# Campagnolo Pista hub questions



## Auriaprottu (Oct 27, 2002)

I'm finally in the last stages of this fixie build. I need only a rear hub, cog, locknut and chain. So far, everything -front wheel, crank, pedals, headset, seatpost and front caliper- is Campagnolo road componentry (tho not all from the same gruppo), so I'd like to be able to use a Pista hub for the rear. I have some questions that I hope some of you can answer. Forgive any perceived ignorance.

1) Does the Pista hub (any year will do- I just need 36 holes) have enough axle to respace from the traditional 120 to the 126mm spacing of my frame?

2) Are the locknut and cog threads, spacers and axle threads Campagnolo-specific in any way? That is, if I get the hub, can I use just about anyone's cog and locknut, or will I have to hunt for a Campagnolo locknut, tool and cog(s)? 

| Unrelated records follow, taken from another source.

(* Let $E$ be a countable set, $\sigma$ a random virtual permutation of $E$ with central law, $(\lambda_k)_{k\ge1}$ its sequence of asymptotic cycle lengths, and $C = L \cup \bigcup_k C_k$ the random space built from $(\lambda_k)$ as in the context. Define the random metric $D$ on $C$ by: $D(x,y) = \inf\{|a| : x - y \equiv a \pmod{\lambda_k}\}$ if $x, y \in C_k$ for the same $k$; $D(x,y) = 0$ if $x = y \in L$; $D(x,y) = 1$ otherwise. Suppose the probability space supports random variables $(X_x)_{x \in E}$ in $C$ which, conditionally on $(\lambda_k)$, are i.i.d. uniform on $C$, and such that almost surely: $X_x \in L$ iff $x$ is a fixed point of $\sigma$; for distinct $x,y$, $x \sim_\sigma y$ iff $X_x,X_y$ lie on the same circle $C_k$, in which case $\lambda(x)=\lambda(y)=\lambda_k$; and for distinct $x \sim_\sigma y$, $\delta(x,y) = X_y - X_x$ modulo $\lambda(x)$. Let $K := \{X_x : x \in E\}$. Then the map $x \mapsto X_x$ is almost surely a bijective isometry from $(E,d)$ onto $(K,D)$.
   Context: A virtual permutation of $E$ is a family $\sigma=(\sigma_I)$ indexed by finite $I\subset E$, $\sigma_I$ a permutation of $I$, with $\sigma_I(x)=\sigma_J^m(x)$ ($m\ge1$ minimal with $\sigma_J^m(x)\in I$) for $I\subset J$; the space carries the $\sigma$-algebra generated by $\sigma\mapsto\sigma_J$. $x\sim_\sigma y$ iff $x,y$ lie in a common cycle of $\sigma_I$ for some (equivalently every) finite $I\ni x,y$; $\mathcal{C}_\sigma(x)$ is its class; $x$ is a fixed point if $\sigma_I(x)=x$ for all finite $I\ni x$. A law is central if each $\sigma_I$ has conjugation-invariant law. Under a central law: $\lambda(x)$ is the $L^1$ limit as $|I|\to\infty$ of $|I\cap\mathcal{C}_\sigma(x)|/|I|$; $\lambda_k$ is the supremum of $\min_{j\le k}\lambda(x_j)$ over pairwise non-equivalent $x_1,\dots,x_k$ (a.s. non-increasing with sum $\le1$); for $x\sim_\sigma y$, $k_I(x,y)\in\{0,\dots,|I\cap\mathcal{C}_\sigma(x)|-1\}$ satisfies $\sigma_I^{k_I(x,y)}(x)=y$, $\Delta(x,y)$ is the $L^1$ limit of $k_I(x,y)/|I|$, $\delta(x,y)$ its class mod $\lambda(x)$. The metric $d$ on $E$: $d(x,y)=1$ if $x\not\sim_\sigma y$, and $d(x,y)=\inf\{|a|: a\equiv\delta(x,y) \bmod \lambda(x)\}$ if $x\sim_\sigma y$. The space $C$: for each $k$ with $\lambda_k>0$ a circle $C_k$ of perimeter $\lambda_k$, pairwise disjoint, with $y-x\in\mathbb{R}/\lambda_k\mathbb{Z}$ the counterclockwise arc length from $x$ to $y$; $L$ a disjoint segment of length $1-\sum_k\lambda_k$ (empty if $0$); uniform on $C$ means the probability measure giving arcs and subsegments their length. *)

theory Defs
  imports "HOL-Probability.Probability" "HOL-Combinatorics.Permutations"
begin
lemma interlaces_esym_poly_perturbation:
  fixes rs :: "real list" and w :: "nat \<Rightarrow> real" and r00 :: real
  assumes k: "1 \<le> k" "k \<le> length rs" and w: "\<And>j. j < length rs \<Longrightarrow> w j \<ge> 0"
  defines "P \<equiv> [:r00,1:] * esym_poly k rs -
      (\<Sum>j<length rs. Polynomial.smult (w j) (esym_poly (k - 1) (remove_nth j rs)))"
  shows "interlaces P (esym_poly k rs)" "lead_coeff P > 0"
proof -
  define \<sigma> where "\<sigma> = esym_poly k rs"
  define S where "S = (\<Sum>j<length rs. Polynomial.smult (w j) (- esym_poly (k - 1) (remove_nth j rs)))"
  have deg_\<sigma>: "degree \<sigma> = k" and lc_\<sigma>: "lead_coeff \<sigma> > 0"
    unfolding \<sigma>_def using k degree_esym_poly lead_coeff_esym_poly_pos by blast+
  have \<sigma>0: "\<sigma> \<noteq> 0" using lc_\<sigma> by auto
  have I: "interlaces \<sigma> (esym_poly (k - 1) (remove_nth j rs))" if "j < length rs" for j
    using interlaces_esym_poly_remove_nth[OF that, of "k - 1"] k by (simp add: \<sigma>_def)
  have lc: "lead_coeff (esym_poly (k - 1) (remove_nth j rs)) > 0" if "j < length rs" for j
    using that k by (intro lead_coeff_esym_poly_pos) (simp add: length_remove_nth)
  have P: "P = [:r00,1:] * \<sigma> + S"
    unfolding P_def S_def \<sigma>_def by (simp add: sum_negf[symmetric] smult_minus_right)
  have "interlacing_cone \<sigma> S"
    unfolding S_def
  proof (rule interlacing_cone_sum)
    fix j assume "j \<in> {..<length rs}"
    then have j: "j < length rs" by simp
    show "interlacing_cone \<sigma> (Polynomial.smult (w j) (- esym_poly (k - 1) (remove_nth j rs)))"
      using interlaced_neg_in_cone[OF I[OF j] lc[OF j]] w[OF j] by (rule interlacing_cone_smult)
  qed
  then have cone: "interlacing_cone \<sigma> P"
    unfolding P by (rule interlacing_cone_add[OF interlacing_cone_linear_mult_self[OF \<sigma>0]])
  have "degree (Polynomial.smult (w j) (- esym_poly (k - 1) (remove_nth j rs))) \<le> k - 1"
    if "j < length rs" for j
  proof -
    have "degree (esym_poly (k - 1) (remove_nth j rs)) = k - 1"
      using that k by (intro degree_esym_poly) (simp add: length_remove_nth)
    then show ?thesis using degree_smult_le[of "w j" "- esym_poly (k - 1) (remove_nth j rs)"] by simp
  qed
  then have "degree S \<le> k - 1" unfolding S_def by (intro degree_sum_le) auto
  moreover have deg_A: "degree ([:r00,1:] * \<sigma>) = Suc k" using deg_\<sigma> \<sigma>0 by (simp add: degree_mult_eq)
  ultimately have less: "degree S < degree ([:r00,1:] * \<sigma>)" by simp
  then have deg_P: "degree P = Suc (degree \<sigma>)"
    unfolding P using deg_A deg_\<sigma> by (simp add: degree_add_eq_left)
  have lc_P: "lead_coeff P = lead_coeff \<sigma>"
    unfolding P using lead_coeff_add_le[OF less] by (simp add: add.commute lead_coeff_mult)
  show "lead_coeff P > 0" using lc_P lc_\<sigma> by simp
  show "interlaces P (esym_poly k rs)"
    using interlaces_of_cone[OF _ cone deg_P] k lc_P lc_\<sigma>
    by (simp add: \<sigma>_def real_rooted_esym_poly)
qed

section \<open>Orthogonal diagonalisation of real symmetric matrices\<close>

definition mat_diag_list :: "real list \<Rightarrow> real mat" where
  "mat_diag_list es = mat_diag (length es) (\<lambda>i. es ! i)"

lemma mat_diag_list_carrier [simp]: "mat_diag_list es \<in> carrier_mat (length es) (length es)"
  by (simp add: mat_diag_list_def)

lemma prod_list_linear_eq_prod_mset: "(\<Prod>e\<leftarrow>es. [:-e,1::real:]) = (\<Prod>a\<in>#mset es. [:-a,1:])"
  by (metis mset_map prod_mset_prod_list)

definition orthonormal_mat :: "nat \<Rightarrow> real mat \<Rightarrow> bool" where
  "orthonormal_mat n W \<longleftrightarrow> W \<in> carrier_mat n n \<and> transpose_mat W * W = 1\<^sub>m n"

lemma orthonormal_matD:
  assumes "orthonormal_mat n W"
  shows "W \<in> carrier_mat n n" "transpose_mat W \<in> carrier_mat n n"
    "transpose_mat W * W = 1\<^sub>m n" "W * transpose_mat W = 1\<^sub>m n"
  using assms mat_mult_left_right_inverse[of "transpose_mat W" n W] by (auto simp: orthonormal_mat_def)

lemma orthonormal_mat_one: "orthonormal_mat n (1\<^sub>m n)"
  by (simp add: orthonormal_mat_def)

lemma orthonormal_mat_mult:
  assumes V: "orthonormal_mat n V" and W: "orthonormal_mat n W"
  shows "orthonormal_mat n (V * W)"
proof -
  note V = orthonormal_matD[OF V] and W = orthonormal_matD[OF W]
  have "transpose_mat (V * W) * (V * W) = transpose_mat W * ((transpose_mat V * V) * W)"
    using V(1,2) W(1,2) by (simp add: transpose_mult assoc_mult_mat[of _ n n _ n _ n])
  also have "\<dots> = 1\<^sub>m n" using V W by simp
  finally show ?thesis using V W unfolding orthonormal_mat_def by simp
qed
(* Let $S^1\subset\mathbb R^2$ be the unit circle, parametrized by $x(\theta)=(\cos\theta,\sin\theta)$. Define, for $m=x(\theta)\ne m'=x(\theta')$, \[ K_{1/2}(m,m')=1-\frac{1}{2\pi}\ln\big(2(1-\cos(\theta'-\theta))\big). \] Then there is no function $K:S^1\times S^1\to\mathbb R$ of positive type (i.e. symmetric positive semidefinite kernel: $\sum_{i,j}\alpha_i\alpha_jK(m_i,m_j)\ge0$ for all finite families) with $K(m,m')=K_{1/2}(m,m')$ for all $m\ne m'$.
   Context: Note $K_{1/2}$ is well defined and jointly continuous on $S^1\times S^1$ minus the diagonal $\{(m,m)\}$, and $K_{1/2}(m,m')\to+\infty$ as $m'\to m$. *)

theory Defs
  imports "HOL-Analysis.Analysis"
begin

definition circ :: "real \<Rightarrow> real \<times> real" where
  "circ \<theta> = (cos \<theta>, sin \<theta>)"

definition K_half :: "real \<Rightarrow> real \<Rightarrow> real" where
  "K_half \<theta> \<theta>' = 1 - (1 / (2 * pi)) * ln (2 * (1 - cos (\<theta>' - \<theta>)))"

definition positive_type_on :: "'a set \<Rightarrow> ('a \<Rightarrow> 'a \<Rightarrow> real) \<Rightarrow> bool" where
  "positive_type_on S K \<longleftrightarrow>
     (\<forall>x\<in>S. \<forall>y\<in>S. K x y = K y x) \<and>
     (\<forall>(n::nat) (m::nat \<Rightarrow> 'a) (\<alpha>::nat \<Rightarrow> real). (\<forall>i<n. m i \<in> S) \<longrightarrow>
        0 \<le> (\<Sum>i<n. \<Sum>j<n. \<alpha> i * \<alpha> j * K (m i) (m j)))"

end

theory Submission
  imports Defs
begin

text \<open>
  Positive type forces \<open>2 K(x,y) \<le> K(x,x) + K(y,y)\<close> (test the kernel against the family
  \<open>(x, y)\<close> with weights \<open>(1, -1)\<close>), so \<open>K\<close> is bounded on all pairs drawn from a sublevel
  set of its diagonal. The circle is uncountable while every diagonal value is finite, so some
  sublevel set \<open>{m. K(m,m) \<le> N}\<close> is infinite and, by compactness, contains distinct points
  arbitrarily close together. Off the diagonal \<open>K = 1 - ln |m - m'|\<^sup>2 / (2\<pi>)\<close>, which
  exceeds any bound for close enough points.
\<close>

lemma positive_type_on_two_points:
  assumes "positive_type_on S K" "x \<in> S" "y \<in> S"
  shows "2 * K x y \<le> K x x + K y y"
proof -
  define m :: "nat \<Rightarrow> 'a" where "m i = (if i = 0 then x else y)" for i
  define \<alpha> :: "nat \<Rightarrow> real" where "\<alpha> i = (if i = 0 then 1 else -1)" for i
  have "0 \<le> (\<Sum>i<2. \<Sum>j<2. \<alpha> i * \<alpha> j * K (m i) (m j))"
    using assms unfolding positive_type_on_def m_def by auto
  also have "\<dots> = K x x + K y y - K x y - K y x"
    by (simp add: numeral_2_eq_2 m_def \<alpha>_def)
  also have "K y x = K x y"
    using assms unfolding positive_type_on_def by auto
  finally show ?thesis by simp
qed

lemma uncountable_imp_infinite_sublevel:
  fixes f :: "'a \<Rightarrow> real"
  assumes "uncountable S"
  shows "\<exists>N::nat. infinite {x \<in> S. f x \<le> real N}"
proof (rule ccontr)
  assume "\<not> ?thesis"
  then have "countable (\<Union>N::nat. {x \<in> S. f x \<le> real N})"
    by (auto intro: countable_finite)
  moreover have "S = (\<Union>N::nat. {x \<in> S. f x \<le> real N})"
    using real_nat_ceiling_ge by blast
  ultimately show False
    using assms by simp
qed

lemma infinite_subset_compact_close_pair:
  fixes S :: "'a::metric_space set"
  assumes "compact S" "A \<subseteq> S" "infinite A" "e > 0"
  obtains x y where "x \<in> A" "y \<in> A" "x \<noteq> y" "dist x y < e"
proof -
  obtain z where "z islimpt A"
    using Heine_Borel_imp_Bolzano_Weierstrass assms(1-3) by blast
  then have "infinite (A \<inter> ball z (e / 2))"
    using assms(4) by (simp add: islimpt_eq_infinite_ball)
  then obtain x y where "x \<in> A \<inter> ball z (e / 2)" "y \<in> A \<inter> ball z (e / 2)" "x \<noteq> y"
    by (metis finite.emptyI infinite_remove ex_in_conv Diff_iff singletonI)
  moreover have "dist x y \<le> dist z x + dist z y"
    by (simp add: dist_triangle3)
  ultimately show ?thesis
    using that by auto
qed

lemma circ_surj_sphere:
  assumes "m \<in> sphere (0::real \<times> real) 1"
  obtains t where "m = circ t"
proof -
  obtain a b where m: "m = (a, b)" by fastforce
  have "a\<^sup>2 + b\<^sup>2 = 1"
    using assms m by (simp add: norm_Pair)
  then obtain t where "a = cos t" "b = sin t"
    by (rule sincos_total_2pi)
  then show ?thesis
    using that m by (simp add: circ_def)
qed

lemma dist_circ_squared: "(dist (circ t) (circ s))\<^sup>2 = 2 * (1 - cos (s - t))"
proof -
  have "(dist (circ t) (circ s))\<^sup>2 = (cos t - cos s)\<^sup>2 + (sin t - sin s)\<^sup>2"
    by (simp add: circ_def dist_Pair_Pair dist_real_def)
  also have "\<dots> = (sin t ^ 2 + cos t ^ 2) + (sin s ^ 2 + cos s ^ 2)
                  - 2 * (cos s * cos t + sin s * sin t)"
    by (simp add: power2_eq_square algebra_simps)
  also have "\<dots> = 2 * (1 - cos (s - t))"
    by (simp add: cos_diff)
  finally show ?thesis .
qed

lemma K_half_eq_log_dist: "K_half t s = 1 - (1 / (2 * pi)) * ln ((dist (circ t) (circ s))\<^sup>2)"
  by (simp add: K_half_def dist_circ_squared)

lemma log_kernel_gt:
  assumes "0 < d" "d < exp (- pi * c)"
  shows "c < 1 - (1 / (2 * pi)) * ln (d\<^sup>2)"
proof -
  have "ln d < - pi * c"
    using assms by (metis exp_less_cancel_iff exp_ln)
  then have "ln (d\<^sup>2) < - 2 * pi * c"
    using assms(1) by (simp add: ln_realpow)
  then have "c < - (1 / (2 * pi)) * ln (d\<^sup>2)"
    using pi_gt_zero by (simp add: field_simps)
  then show ?thesis
    by linarith
qed

lemma uncountable_circle: "uncountable (sphere (0::real \<times> real) 1)"
proof (rule connected_uncountable)
  show "connected (sphere (0::real \<times> real) 1)"
    by (rule connected_sphere) simp
  show "(1::real, 0::real) \<in> sphere 0 1" "(-1::real, 0::real) \<in> sphere 0 1"
    by simp_all
qed simp

theorem mainTheorem6:
  shows "\<not> (\<exists>K :: real \<times> real \<Rightarrow> real \<times> real \<Rightarrow> real.
            positive_type_on (sphere (0::real \<times> real) 1) K \<and>
            (\<forall>\<theta> \<theta>'. circ \<theta> \<noteq> circ \<theta>' \<longrightarrow> K (circ \<theta>) (circ \<theta>') = K_half \<theta> \<theta>'))"
proof
  let ?S = "sphere (0::real \<times> real) 1"
  assume "\<exists>K. positive_type_on ?S K \<and>
            (\<forall>\<theta> \<theta>'. circ \<theta> \<noteq> circ \<theta>' \<longrightarrow> K (circ \<theta>) (circ \<theta>') = K_half \<theta> \<theta>')"
  then obtain K where pos: "positive_type_on ?S K"
    and K_eq: "\<And>\<theta> \<theta>'. circ \<theta> \<noteq> circ \<theta>' \<Longrightarrow> K (circ \<theta>) (circ \<theta>') = K_half \<theta> \<theta>'"
    by blast
  obtain N :: nat where inf: "infinite {m \<in> ?S. K m m \<le> real N}"
    using uncountable_imp_infinite_sublevel[OF uncountable_circle, of "\<lambda>m. K m m"] by blast
  obtain x y where xy: "x \<in> {m \<in> ?S. K m m \<le> real N}" "y \<in> {m \<in> ?S. K m m \<le> real N}"
    "x \<noteq> y" "dist x y < exp (- pi * (real N + 1))"
    by (rule infinite_subset_compact_close_pair[OF compact_sphere[of 0 1] _ inf]) auto
  obtain t s where "x = circ t" "y = circ s"
    using xy(1,2) circ_surj_sphere by (metis (no_types, lifting) mem_Collect_eq)
  then have "real N + 1 < K x y"
    using xy(3,4) K_eq[of t s] log_kernel_gt[of "dist x y" "real N + 1"]
    by (simp add: K_half_eq_log_dist)
  moreover have "2 * K x y \<le> K x x + K y y"
    using positive_type_on_two_points[OF pos] xy(1,2) by simp
  ultimately show False
    using xy(1,2) by simp
qed

end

3) IF the cog OR locknut threads ARE Campagnolo-specific, does Campagnolo make 3/32" cogs? My chainring is road width. 

Thanks in advance.


----------



## wim (Feb 28, 2005)

Prompted by your post, I went into my garage, took the rear wheel out of my track bike and measured the Campy Record Pista hub axle - it's 155mm from end to end. I've got a Suntour cog on it. I don't remember where the lock ring came from, but it's a no-brand generic ring. Hope this helps.


----------



## Jamieshankland (Jan 8, 2005)

Just give your frame a gentle squeez...6mm is nothing. As for the hub, I remember reading the campy has an italian sized loc-ring. Harris Cyclery sells them off their site.

Standard 1.29"x24tpi
Italian 1.32"x24tpi
French 33 x 1mm


----------



## darbo (Dec 9, 2002)

*Campy-unique stuff...*

Cog threading on the campy hub is standard (i've got a standard Soma cog on mine), but lockring threading is italian (same as Miche and Phil Wood). Axles (and thus spacers, cones, and axle nuts) are also unique, 10 by 26 tpi threading rear, 9 by 26 tpi front.

I don't know whether the standard 155mm axle will fit into a 126mm rear, but Business Cycles, and i think Harris as well, sell a generic 174mm solid rear axle for Campy.


----------



## Jamieshankland (Jan 8, 2005)

Good I was right...wasnt sure. Harris also sells loc rings for cheap.


----------



## mikemtl (Jul 30, 2011)

Hi, i just bought a wheelset built on a set of Super Record Pista hubs but it came without a cog or lockring. I looked up some old campy catalogs online and found that they were made in 3 threadings; 35x24F, 34.7x1M and 1.37x24F. 

I also found several different thread patterns for available lockrings. Campagnolo's new lockring are 1.32x24F, does this fit on the old SR Pista hubs?

How do i figure out which threading I have? There are no markings on these hubs but they're the 28 hole version if that is any help


----------